What the task requires:
Return a word-for-word copy of the complete listing below.
________________
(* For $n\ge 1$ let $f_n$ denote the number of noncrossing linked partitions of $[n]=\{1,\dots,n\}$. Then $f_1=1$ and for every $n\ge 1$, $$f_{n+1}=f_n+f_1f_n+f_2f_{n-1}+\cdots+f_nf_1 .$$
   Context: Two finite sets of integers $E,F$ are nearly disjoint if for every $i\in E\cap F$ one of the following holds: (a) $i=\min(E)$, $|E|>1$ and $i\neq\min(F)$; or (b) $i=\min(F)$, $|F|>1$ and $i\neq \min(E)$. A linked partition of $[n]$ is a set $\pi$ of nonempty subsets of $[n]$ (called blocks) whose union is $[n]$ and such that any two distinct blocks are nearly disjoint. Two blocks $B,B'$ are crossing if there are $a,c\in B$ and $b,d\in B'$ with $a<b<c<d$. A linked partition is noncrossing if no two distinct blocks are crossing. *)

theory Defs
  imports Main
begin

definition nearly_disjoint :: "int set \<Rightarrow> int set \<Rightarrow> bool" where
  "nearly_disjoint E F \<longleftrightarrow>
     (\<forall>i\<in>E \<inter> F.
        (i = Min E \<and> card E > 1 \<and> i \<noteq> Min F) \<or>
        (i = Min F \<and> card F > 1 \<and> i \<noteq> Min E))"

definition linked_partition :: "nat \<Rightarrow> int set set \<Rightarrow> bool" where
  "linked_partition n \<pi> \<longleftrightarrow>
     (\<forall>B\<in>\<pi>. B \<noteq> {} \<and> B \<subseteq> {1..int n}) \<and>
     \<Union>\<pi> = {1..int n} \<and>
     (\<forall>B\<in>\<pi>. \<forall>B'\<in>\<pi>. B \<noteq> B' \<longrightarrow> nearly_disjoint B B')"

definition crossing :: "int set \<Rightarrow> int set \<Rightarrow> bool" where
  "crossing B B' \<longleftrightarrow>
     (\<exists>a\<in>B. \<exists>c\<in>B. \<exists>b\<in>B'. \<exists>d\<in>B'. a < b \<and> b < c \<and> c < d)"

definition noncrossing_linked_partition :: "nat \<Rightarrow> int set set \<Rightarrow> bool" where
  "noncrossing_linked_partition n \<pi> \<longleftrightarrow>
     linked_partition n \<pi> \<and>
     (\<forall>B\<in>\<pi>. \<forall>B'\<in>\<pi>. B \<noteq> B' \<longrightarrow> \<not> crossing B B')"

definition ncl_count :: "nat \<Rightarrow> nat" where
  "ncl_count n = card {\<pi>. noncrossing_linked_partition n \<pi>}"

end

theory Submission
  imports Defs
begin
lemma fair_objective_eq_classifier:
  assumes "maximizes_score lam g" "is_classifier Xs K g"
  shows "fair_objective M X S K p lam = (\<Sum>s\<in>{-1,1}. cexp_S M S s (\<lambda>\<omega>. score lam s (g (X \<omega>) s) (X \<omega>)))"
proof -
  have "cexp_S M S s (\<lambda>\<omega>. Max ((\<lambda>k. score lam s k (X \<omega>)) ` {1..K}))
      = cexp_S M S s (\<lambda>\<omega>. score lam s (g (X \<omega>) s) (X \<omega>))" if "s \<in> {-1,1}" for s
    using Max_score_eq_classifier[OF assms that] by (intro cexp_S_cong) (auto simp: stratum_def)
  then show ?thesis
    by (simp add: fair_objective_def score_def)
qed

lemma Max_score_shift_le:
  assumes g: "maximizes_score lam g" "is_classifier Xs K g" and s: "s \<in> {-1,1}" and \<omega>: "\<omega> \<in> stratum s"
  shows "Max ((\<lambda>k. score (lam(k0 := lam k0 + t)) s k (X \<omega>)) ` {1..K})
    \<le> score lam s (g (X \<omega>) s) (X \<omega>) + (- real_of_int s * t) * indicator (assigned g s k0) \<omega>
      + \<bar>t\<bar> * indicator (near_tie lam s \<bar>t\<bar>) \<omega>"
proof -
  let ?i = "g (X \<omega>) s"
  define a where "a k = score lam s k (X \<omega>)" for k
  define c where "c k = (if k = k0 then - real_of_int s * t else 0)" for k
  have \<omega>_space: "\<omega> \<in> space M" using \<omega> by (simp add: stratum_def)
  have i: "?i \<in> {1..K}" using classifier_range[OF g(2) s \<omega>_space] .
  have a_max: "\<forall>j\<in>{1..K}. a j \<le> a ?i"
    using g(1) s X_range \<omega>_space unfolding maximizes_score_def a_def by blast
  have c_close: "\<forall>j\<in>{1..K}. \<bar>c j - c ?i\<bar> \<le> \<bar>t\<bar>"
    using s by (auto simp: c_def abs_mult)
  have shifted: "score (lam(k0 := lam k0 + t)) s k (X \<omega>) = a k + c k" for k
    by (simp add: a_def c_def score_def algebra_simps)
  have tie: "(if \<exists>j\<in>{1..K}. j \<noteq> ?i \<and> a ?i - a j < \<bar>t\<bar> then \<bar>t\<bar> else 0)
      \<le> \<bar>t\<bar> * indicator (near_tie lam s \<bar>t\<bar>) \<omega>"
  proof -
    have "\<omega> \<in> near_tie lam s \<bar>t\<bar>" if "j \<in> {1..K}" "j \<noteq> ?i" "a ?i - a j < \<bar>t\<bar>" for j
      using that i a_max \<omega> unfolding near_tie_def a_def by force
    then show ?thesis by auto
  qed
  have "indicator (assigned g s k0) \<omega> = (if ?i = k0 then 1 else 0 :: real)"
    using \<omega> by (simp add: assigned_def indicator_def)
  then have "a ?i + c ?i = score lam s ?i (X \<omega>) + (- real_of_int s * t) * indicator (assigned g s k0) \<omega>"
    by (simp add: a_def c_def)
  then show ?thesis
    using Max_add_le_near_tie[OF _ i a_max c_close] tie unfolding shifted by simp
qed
________________
Response to the exercise:
(* For $n\ge 1$ let $f_n$ denote the number of noncrossing linked partitions of $[n]=\{1,\dots,n\}$. Then $f_1=1$ and for every $n\ge 1$, $$f_{n+1}=f_n+f_1f_n+f_2f_{n-1}+\cdots+f_nf_1 .$$
   Context: Two finite sets of integers $E,F$ are nearly disjoint if for every $i\in E\cap F$ one of the following holds: (a) $i=\min(E)$, $|E|>1$ and $i\neq\min(F)$; or (b) $i=\min(F)$, $|F|>1$ and $i\neq \min(E)$. A linked partition of $[n]$ is a set $\pi$ of nonempty subsets of $[n]$ (called blocks) whose union is $[n]$ and such that any two distinct blocks are nearly disjoint. Two blocks $B,B'$ are crossing if there are $a,c\in B$ and $b,d\in B'$ with $a<b<c<d$. A linked partition is noncrossing if no two distinct blocks are crossing. *)

theory Defs
  imports Main
begin

definition nearly_disjoint :: "int set \<Rightarrow> int set \<Rightarrow> bool" where
  "nearly_disjoint E F \<longleftrightarrow>
     (\<forall>i\<in>E \<inter> F.
        (i = Min E \<and> card E > 1 \<and> i \<noteq> Min F) \<or>
        (i = Min F \<and> card F > 1 \<and> i \<noteq> Min E))"

definition linked_partition :: "nat \<Rightarrow> int set set \<Rightarrow> bool" where
  "linked_partition n \<pi> \<longleftrightarrow>
     (\<forall>B\<in>\<pi>. B \<noteq> {} \<and> B \<subseteq> {1..int n}) \<and>
     \<Union>\<pi> = {1..int n} \<and>
     (\<forall>B\<in>\<pi>. \<forall>B'\<in>\<pi>. B \<noteq> B' \<longrightarrow> nearly_disjoint B B')"

definition crossing :: "int set \<Rightarrow> int set \<Rightarrow> bool" where
  "crossing B B' \<longleftrightarrow>
     (\<exists>a\<in>B. \<exists>c\<in>B. \<exists>b\<in>B'. \<exists>d\<in>B'. a < b \<and> b < c \<and> c < d)"

definition noncrossing_linked_partition :: "nat \<Rightarrow> int set set \<Rightarrow> bool" where
  "noncrossing_linked_partition n \<pi> \<longleftrightarrow>
     linked_partition n \<pi> \<and>
     (\<forall>B\<in>\<pi>. \<forall>B'\<in>\<pi>. B \<noteq> B' \<longrightarrow> \<not> crossing B B')"

definition ncl_count :: "nat \<Rightarrow> nat" where
  "ncl_count n = card {\<pi>. noncrossing_linked_partition n \<pi>}"

end

theory Submission
  imports Defs
begin
lemma fair_objective_eq_classifier:
  assumes "maximizes_score lam g" "is_classifier Xs K g"
  shows "fair_objective M X S K p lam = (\<Sum>s\<in>{-1,1}. cexp_S M S s (\<lambda>\<omega>. score lam s (g (X \<omega>) s) (X \<omega>)))"
proof -
  have "cexp_S M S s (\<lambda>\<omega>. Max ((\<lambda>k. score lam s k (X \<omega>)) ` {1..K}))
      = cexp_S M S s (\<lambda>\<omega>. score lam s (g (X \<omega>) s) (X \<omega>))" if "s \<in> {-1,1}" for s
    using Max_score_eq_classifier[OF assms that] by (intro cexp_S_cong) (auto simp: stratum_def)
  then show ?thesis
    by (simp add: fair_objective_def score_def)
qed

lemma Max_score_shift_le:
  assumes g: "maximizes_score lam g" "is_classifier Xs K g" and s: "s \<in> {-1,1}" and \<omega>: "\<omega> \<in> stratum s"
  shows "Max ((\<lambda>k. score (lam(k0 := lam k0 + t)) s k (X \<omega>)) ` {1..K})
    \<le> score lam s (g (X \<omega>) s) (X \<omega>) + (- real_of_int s * t) * indicator (assigned g s k0) \<omega>
      + \<bar>t\<bar> * indicator (near_tie lam s \<bar>t\<bar>) \<omega>"
proof -
  let ?i = "g (X \<omega>) s"
  define a where "a k = score lam s k (X \<omega>)" for k
  define c where "c k = (if k = k0 then - real_of_int s * t else 0)" for k
  have \<omega>_space: "\<omega> \<in> space M" using \<omega> by (simp add: stratum_def)
  have i: "?i \<in> {1..K}" using classifier_range[OF g(2) s \<omega>_space] .
  have a_max: "\<forall>j\<in>{1..K}. a j \<le> a ?i"
    using g(1) s X_range \<omega>_space unfolding maximizes_score_def a_def by blast
  have c_close: "\<forall>j\<in>{1..K}. \<bar>c j - c ?i\<bar> \<le> \<bar>t\<bar>"
    using s by (auto simp: c_def abs_mult)
  have shifted: "score (lam(k0 := lam k0 + t)) s k (X \<omega>) = a k + c k" for k
    by (simp add: a_def c_def score_def algebra_simps)
  have tie: "(if \<exists>j\<in>{1..K}. j \<noteq> ?i \<and> a ?i - a j < \<bar>t\<bar> then \<bar>t\<bar> else 0)
      \<le> \<bar>t\<bar> * indicator (near_tie lam s \<bar>t\<bar>) \<omega>"
  proof -
    have "\<omega> \<in> near_tie lam s \<bar>t\<bar>" if "j \<in> {1..K}" "j \<noteq> ?i" "a ?i - a j < \<bar>t\<bar>" for j
      using that i a_max \<omega> unfolding near_tie_def a_def by force
    then show ?thesis by auto
  qed
  have "indicator (assigned g s k0) \<omega> = (if ?i = k0 then 1 else 0 :: real)"
    using \<omega> by (simp add: assigned_def indicator_def)
  then have "a ?i + c ?i = score lam s ?i (X \<omega>) + (- real_of_int s * t) * indicator (assigned g s k0) \<omega>"
    by (simp add: a_def c_def)
  then show ?thesis
    using Max_add_le_near_tie[OF _ i a_max c_close] tie unfolding shifted by simp
qed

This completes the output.